- WHAT YOU WILL DO: Show every line from the data below that includes "noteq".

- Opening Delimiter -

(* Let $(p_0,\dots,p_{n-1})$ be a closed discrete curve with $l_k=l_0$ and $\theta_k=\theta_0\in(-\pi,\pi)$ for all $k$, and let $\kappa=2\tan(\theta_0/2)/l_0$ (so the curve is an equilibrium of $L+\kappa\mathrm{Vol}$). Let $p(t)$, $t\in(-\varepsilon,\varepsilon)$, be a $C^2$ family of closed discrete curves with $p(0)=p$, $\mathrm{Vol}(p(t))$ constant, and $p_k'(0)=\psi_kN_k+\eta_kT_k$ for real $\psi_k,\eta_k$. Then \[ \frac{d^2}{dt^2}\Big|_{t=0}L(p(t))=\sum_k\Big[|\nabla\psi_k|^2-\kappa^2\psi_k\psi_{k+1}+\tan^2\frac{\theta_0}{2}\Big(\kappa\,\nabla\psi_k(\eta_{k+1}+\eta_k)+|\nabla\eta_k|^2\Big)\Big]l_0 . \] In particular, if $\eta_k=0$ for all $k$ (normal variation), then \[ \frac{d^2}{dt^2}\Big|_{t=0}L(p(t))=\sum_k\big(|\nabla\psi_k|^2-\kappa^2\psi_k\psi_{k+1}\big)l_0=-\sum_k\psi_k\big(\Delta\psi_k+\kappa^2\psi_{k+1}\big)l_0 . \]
   Context: A closed discrete curve is an $n$-tuple $(p_0,\dots,p_{n-1})$ of points of $\mathbb{R}^2$ ($n\ge3$), indices modulo $n$, with $l_k:=|p_{k+1}-p_k|\ne0$ for all $k$. $R_\varphi$ denotes rotation of $\mathbb{R}^2$ by $\varphi$. Fix $R\in\{R_{\pi/2},R_{-\pi/2}\}$ and set $\sigma=+1$ if $R=R_{\pi/2}$, $\sigma=-1$ if $R=R_{-\pi/2}$. Edge normal $\nu_k:=R((p_{k+1}-p_k)/l_k)$. The signed angle $\theta_k\in(-\pi,\pi]$ at vertex $p_k$ is defined by $\nu_k=R_{\sigma\theta_k}\nu_{k-1}$. When $\theta_k\ne\pi$, the vertex normal is $N_k:=\dfrac{\nu_k+\nu_{k-1}}{1+\cos\theta_k}$ and the vertex tangent is $T_k:=-RN_k$. Length $L=\sum_k l_k$, area $\mathrm{Vol}=\frac12\sum_k\langle p_k,\nu_k\rangle l_k$. Discrete gradient $\nabla\psi_k:=(\psi_{k+1}-\psi_k)/l_0$ and discrete Laplacian $\Delta\psi_k:=(\nabla\psi_k-\nabla\psi_{k-1})/l_0=(\psi_{k+1}-2\psi_k+\psi_{k-1})/l_0^2$. *)

theory Defs
  imports "HOL-Analysis.Analysis"
begin

(* Points of R^2 are real^2; a closed discrete curve with n points is p :: nat => real^2,
   only the values p 0 .. p (n-1) matter; all indices are read modulo n. *)

definition rot :: "real \<Rightarrow> real^2 \<Rightarrow> real^2" where
  "rot \<phi> v = (\<chi> i. if i = 1 then cos \<phi> * v$1 - sin \<phi> * v$2 else sin \<phi> * v$1 + cos \<phi> * v$2)"

definition prev_idx :: "nat \<Rightarrow> nat \<Rightarrow> nat" where
  "prev_idx n k = (k + n - 1) mod n"

definition edge_len :: "(nat \<Rightarrow> real^2) \<Rightarrow> nat \<Rightarrow> nat \<Rightarrow> real" where
  "edge_len p n k = norm (p (Suc k mod n) - p (k mod n))"

definition closed_curve :: "nat \<Rightarrow> (nat \<Rightarrow> real^2) \<Rightarrow> bool" where
  "closed_curve n p \<longleftrightarrow> n \<ge> 3 \<and> (\<forall>k<n. edge_len p n k \<noteq> 0)"

definition edge_normal :: "real \<Rightarrow> (nat \<Rightarrow> real^2) \<Rightarrow> nat \<Rightarrow> nat \<Rightarrow> real^2" where
  "edge_normal \<sigma> p n k = rot (\<sigma> * pi / 2) ((1 / edge_len p n k) *\<^sub>R (p (Suc k mod n) - p (k mod n)))"

definition signed_angle :: "real \<Rightarrow> (nat \<Rightarrow> real^2) \<Rightarrow> nat \<Rightarrow> nat \<Rightarrow> real" where
  "signed_angle \<sigma> p n k = (THE \<theta>. -pi < \<theta> \<and> \<theta> \<le> pi \<and>
      edge_normal \<sigma> p n (k mod n) = rot (\<sigma> * \<theta>) (edge_normal \<sigma> p n (prev_idx n k)))"

definition vertex_normal :: "real \<Rightarrow> (nat \<Rightarrow> real^2) \<Rightarrow> nat \<Rightarrow> nat \<Rightarrow> real^2" where
  "vertex_normal \<sigma> p n k = (1 / (1 + cos (signed_angle \<sigma> p n k))) *\<^sub>R
      (edge_normal \<sigma> p n (k mod n) + edge_normal \<sigma> p n (prev_idx n k))"

definition vertex_tangent :: "real \<Rightarrow> (nat \<Rightarrow> real^2) \<Rightarrow> nat \<Rightarrow> nat \<Rightarrow> real^2" where
  "vertex_tangent \<sigma> p n k = - rot (\<sigma> * pi / 2) (vertex_normal \<sigma> p n k)"

definition curve_length :: "nat \<Rightarrow> (nat \<Rightarrow> real^2) \<Rightarrow> real" where
  "curve_length n p = (\<Sum>k<n. edge_len p n k)"

definition curve_vol :: "real \<Rightarrow> nat \<Rightarrow> (nat \<Rightarrow> real^2) \<Rightarrow> real" where
  "curve_vol \<sigma> n p = (1/2) * (\<Sum>k<n. (p k \<bullet> edge_normal \<sigma> p n k) * edge_len p n k)"

definition dgrad :: "real \<Rightarrow> nat \<Rightarrow> (nat \<Rightarrow> real) \<Rightarrow> nat \<Rightarrow> real" where
  "dgrad l0 n \<psi> k = (\<psi> (Suc k mod n) - \<psi> (k mod n)) / l0"

definition dlap :: "real \<Rightarrow> nat \<Rightarrow> (nat \<Rightarrow> real) \<Rightarrow> nat \<Rightarrow> real" where
  "dlap l0 n \<psi> k = (dgrad l0 n \<psi> k - dgrad l0 n \<psi> (prev_idx n k)) / l0"

definition C2_family :: "real \<Rightarrow> nat \<Rightarrow> (real \<Rightarrow> nat \<Rightarrow> real^2) \<Rightarrow> bool" where
  "C2_family \<epsilon> n P \<longleftrightarrow> (\<forall>k<n. \<exists>D1 D2. \<forall>t\<in>{-\<epsilon><..<\<epsilon>}.
      ((\<lambda>s. P s k) has_vector_derivative D1 t) (at t) \<and>
      (D1 has_vector_derivative D2 t) (at t) \<and> continuous_on {-\<epsilon><..<\<epsilon>} D2)"

end

theory Submission
  imports Defs
begin

text \<open>Write \<open>e\<^sub>k\<close> for the edges, \<open>w\<^sub>k\<close> and \<open>b\<^sub>k\<close> for their velocities and accelerations at
\<open>t = 0\<close>, and \<open>J\<close> for the quarter turn. The second variation of the length is
\<open>\<Sum> (\<bar>w\<^sub>k\<bar>\<^sup>2 + e\<^sub>k\<cdot>b\<^sub>k)/l\<^sub>0 - (e\<^sub>k\<cdot>w\<^sub>k)\<^sup>2/l\<^sub>0\<^sup>3\<close>, which involves the unknown accelerations.
On an equiangular polygon consecutive edges satisfy \<open>e\<^sub>k - e\<^sub>k\<^sub>-\<^sub>1 = \<tau> J (e\<^sub>k\<^sub>-\<^sub>1 + e\<^sub>k)\<close> with
\<open>\<tau> = tan (\<theta>\<^sub>0/2)\<close>. Summing by parts with this relation turns \<open>\<Sum> e\<^sub>k\<cdot>b\<^sub>k\<close> into the acceleration
terms of the second variation of the area, which vanishes because the area is constant; what is
left is \<open>2\<tau> \<Sum> v\<^sub>k\<cdot>J w\<^sub>k\<close>, \<open>v\<^sub>k\<close> being the vertex velocities. Written in the orthonormal frame
\<open>(u\<^sub>k, J u\<^sub>k)\<close> of the edge direction \<open>u\<^sub>k\<close>, the resulting summand is the claimed one up to a telescoping multiple
of \<open>\<psi>\<^sub>k\<^sub>+\<^sub>1\<eta>\<^sub>k\<^sub>+\<^sub>1 - \<psi>\<^sub>k\<eta>\<^sub>k\<close>.\<close>

section \<open>Quarter turns of the plane\<close>

abbreviation quarter_rot :: "real \<Rightarrow> real^2 \<Rightarrow> real^2" where
  "quarter_rot \<sigma> \<equiv> rot (\<sigma> * pi / 2)"

lemma inner_vec2: "(a::real^2) \<bullet> b = a$1 * b$1 + a$2 * b$2"
  by (simp add: inner_vec_def sum_2)

lemma vec2_eq_iff: "(a::real^2) = b \<longleftrightarrow> a$1 = b$1 \<and> a$2 = b$2"
  by (simp add: vec_eq_iff forall_2)

lemma rot_nth: "rot \<phi> v $ 1 = cos \<phi> * v$1 - sin \<phi> * v$2" "rot \<phi> v $ 2 = sin \<phi> * v$1 + cos \<phi> * v$2"
  by (simp_all add: rot_def)

lemma rot_add: "rot \<phi> (a + b) = rot \<phi> a + rot \<phi> b"
  and rot_diff: "rot \<phi> (a - b) = rot \<phi> a - rot \<phi> b"
  and rot_scaleR: "rot \<phi> (c *\<^sub>R a) = c *\<^sub>R rot \<phi> a"
  by (simp_all add: vec2_eq_iff rot_nth algebra_simps)

lemma bounded_linear_rot: "bounded_linear (rot \<phi>)"
  using linear_conv_bounded_linear by (blast intro: linearI rot_add rot_scaleR)

lemma quarter_rot_nth:
  assumes "\<sigma> = 1 \<or> \<sigma> = -1"
  shows "quarter_rot \<sigma> v $ 1 = - \<sigma> * v$2" "quarter_rot \<sigma> v $ 2 = \<sigma> * v$1"
  using assms by (auto simp: rot_nth)

lemma quarter_rot_quarter_rot:
  assumes "\<sigma> = 1 \<or> \<sigma> = -1"
  shows "quarter_rot \<sigma> (quarter_rot \<sigma> v) = - v"
  unfolding vec2_eq_iff quarter_rot_nth[OF assms] using assms by auto

lemma inner_quarter_rot_self:
  assumes "\<sigma> = 1 \<or> \<sigma> = -1"
  shows "x \<bullet> quarter_rot \<sigma> x = 0" "quarter_rot \<sigma> x \<bullet> x = 0"
  unfolding inner_vec2 quarter_rot_nth[OF assms] using assms by (auto simp: algebra_simps)

lemma inner_quarter_rot_quarter_rot:
  assumes "\<sigma> = 1 \<or> \<sigma> = -1"
  shows "quarter_rot \<sigma> x \<bullet> quarter_rot \<sigma> y = x \<bullet> y"
  unfolding inner_vec2 quarter_rot_nth[OF assms] using assms by (auto simp: algebra_simps)

lemma inner_quarter_rot_right:
  assumes "\<sigma> = 1 \<or> \<sigma> = -1"
  shows "x \<bullet> quarter_rot \<sigma> y = - (quarter_rot \<sigma> x \<bullet> y)"
  unfolding inner_vec2 quarter_rot_nth[OF assms] using assms by (auto simp: algebra_simps)

lemma rot_signed_angle:
  assumes "\<sigma> = 1 \<or> \<sigma> = -1"
  shows "rot (\<sigma> * \<theta>) v = cos \<theta> *\<^sub>R v + sin \<theta> *\<^sub>R quarter_rot \<sigma> v"
  using assms by (auto simp: vec2_eq_iff rot_nth)

lemma quarter_rot_frame:
  assumes \<sigma>: "\<sigma> = 1 \<or> \<sigma> = -1" and "a \<bullet> a = 1"
  shows "b = (a \<bullet> b) *\<^sub>R a + (quarter_rot \<sigma> a \<bullet> b) *\<^sub>R quarter_rot \<sigma> a"
proof -
  have "a$1 * a$1 + a$2 * a$2 = 1" using assms(2) by (simp add: inner_vec2)
  moreover have "\<sigma> * \<sigma> = 1" using \<sigma> by auto
  ultimately show ?thesis
    unfolding vec2_eq_iff inner_vec2 by (simp add: quarter_rot_nth[OF \<sigma>]) algebra
qed

lemma ex1_rot_angle:
  fixes a b :: "real^2"
  assumes \<sigma>: "\<sigma> = 1 \<or> \<sigma> = -1" and a: "a \<bullet> a = 1" and b: "b \<bullet> b = 1"
  shows "\<exists>!\<theta>. -pi < \<theta> \<and> \<theta> \<le> pi \<and> b = rot (\<sigma> * \<theta>) a"
proof -
  let ?J = "quarter_rot \<sigma>"
  define z where "z = Complex (a \<bullet> b) (?J a \<bullet> b)"
  have frame: "b = Re z *\<^sub>R a + Im z *\<^sub>R ?J a"
    unfolding z_def using quarter_rot_frame[OF \<sigma> a] by simp
  have "b \<bullet> b = (Re z)\<^sup>2 + (Im z)\<^sup>2"
    by (subst (1 2) frame) (simp add: inner_add_left inner_add_right a inner_quarter_rot_self[OF \<sigma>]
        inner_quarter_rot_quarter_rot[OF \<sigma>] inner_commute[of "?J a" a] power2_eq_square)
  then have "cmod z = 1" using b by (simp add: cmod_def)
  have rot_iff: "b = rot (\<sigma> * \<theta>) a \<longleftrightarrow> cis \<theta> = z" for \<theta>
  proof
    assume "b = rot (\<sigma> * \<theta>) a"
    then have "b = cos \<theta> *\<^sub>R a + sin \<theta> *\<^sub>R ?J a" by (simp add: rot_signed_angle[OF \<sigma>])
    then have "a \<bullet> b = cos \<theta>" "?J a \<bullet> b = sin \<theta>"
      by (simp_all add: inner_add_right a inner_quarter_rot_self[OF \<sigma>]
          inner_quarter_rot_quarter_rot[OF \<sigma>] inner_commute[of a "?J a"])
    then show "cis \<theta> = z" by (simp add: z_def complex_eq_iff)
  next
    assume "cis \<theta> = z"
    then show "b = rot (\<sigma> * \<theta>) a"
      using frame by (simp add: rot_signed_angle[OF \<sigma>] complex_eq_iff)
  qed
  have "z \<noteq> 0" using \<open>cmod z = 1\<close> by auto
  then have "cis (Arg z) = z" using \<open>cmod z = 1\<close> by (simp add: cis_Arg sgn_div_norm)
  then show ?thesis
    unfolding rot_iff by (intro ex1I[of _ "Arg z"]) (auto simp: mpi_less_Arg Arg_le_pi Arg_cis)
qed

section \<open>Cyclic indices\<close>

lemma prev_idx_less: "k < n \<Longrightarrow> prev_idx n k < n"
  by (simp add: prev_idx_def)

lemma prev_idx_Suc_mod: "k < n \<Longrightarrow> prev_idx n (Suc k mod n) = k"
  by (cases "Suc k = n") (auto simp: prev_idx_def)

lemma Suc_prev_idx_mod: "k < n \<Longrightarrow> Suc (prev_idx n k) mod n = k"
  by (cases k) (auto simp: prev_idx_def mod_Suc)

lemma sum_Suc_mod: "(\<Sum>k<n. f (Suc k mod n)) = (\<Sum>k<n. f k :: 'a::comm_monoid_add)"
  by (rule sum.reindex_bij_witness[of _ "prev_idx n" "\<lambda>k. Suc k mod n"])
    (auto simp: prev_idx_less prev_idx_Suc_mod Suc_prev_idx_mod)

definition cyc_diff :: "(nat \<Rightarrow> 'a::ab_group_add) \<Rightarrow> nat \<Rightarrow> nat \<Rightarrow> 'a" where
  "cyc_diff f n k = f (Suc k mod n) - f k"

lemma sum_cyc_diff: "(\<Sum>k<n. cyc_diff f n k) = 0"
  by (simp add: cyc_diff_def sum_subtractf sum_Suc_mod)

lemma sum_inner_cyc_diff:
  "(\<Sum>k<n. x k \<bullet> cyc_diff y n k) = (\<Sum>k<n. (x (prev_idx n k) - x k) \<bullet> y k)"
proof -
  have "(\<Sum>k<n. x k \<bullet> y (Suc k mod n)) = (\<Sum>k<n. x (prev_idx n (Suc k mod n)) \<bullet> y (Suc k mod n))"
    by (rule sum.cong) (simp_all add: prev_idx_Suc_mod)
  also have "\<dots> = (\<Sum>k<n. x (prev_idx n k) \<bullet> y k)"
    by (rule sum_Suc_mod)
  finally show ?thesis
    by (simp add: cyc_diff_def inner_diff_left inner_diff_right sum_subtractf)
qed

section \<open>Edge directions, normals and tangents of a closed discrete curve\<close>

definition edge_dir :: "(nat \<Rightarrow> real^2) \<Rightarrow> nat \<Rightarrow> nat \<Rightarrow> real^2" where
  "edge_dir p n k = (1 / edge_len p n k) *\<^sub>R (p (Suc k mod n) - p (k mod n))"

lemma edge_normal_eq: "edge_normal \<sigma> p n k = quarter_rot \<sigma> (edge_dir p n k)"
  by (simp add: edge_normal_def edge_dir_def)

lemma edge_len_pos: "closed_curve n p \<Longrightarrow> k < n \<Longrightarrow> edge_len p n k > 0"
  by (simp add: closed_curve_def edge_len_def)

lemma inner_edge_dir_self:
  assumes "closed_curve n p" "k < n"
  shows "edge_dir p n k \<bullet> edge_dir p n k = 1"
proof -
  have "edge_len p n k \<noteq> 0" using assms by (simp add: closed_curve_def)
  then have "norm (edge_dir p n k) = 1"
    by (simp add: edge_dir_def edge_len_def)
  then show ?thesis by (simp add: norm_eq_1)
qed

- Closing Delimiter -

- ANSWER SECTION:
  "closed_curve n p \<longleftrightarrow> n \<ge> 3 \<and> (\<forall>k<n. edge_len p n k \<noteq> 0)"
  have "z \<noteq> 0" using \<open>cmod z = 1\<close> by auto
  have "edge_len p n k \<noteq> 0" using assms by (simp add: closed_curve_def)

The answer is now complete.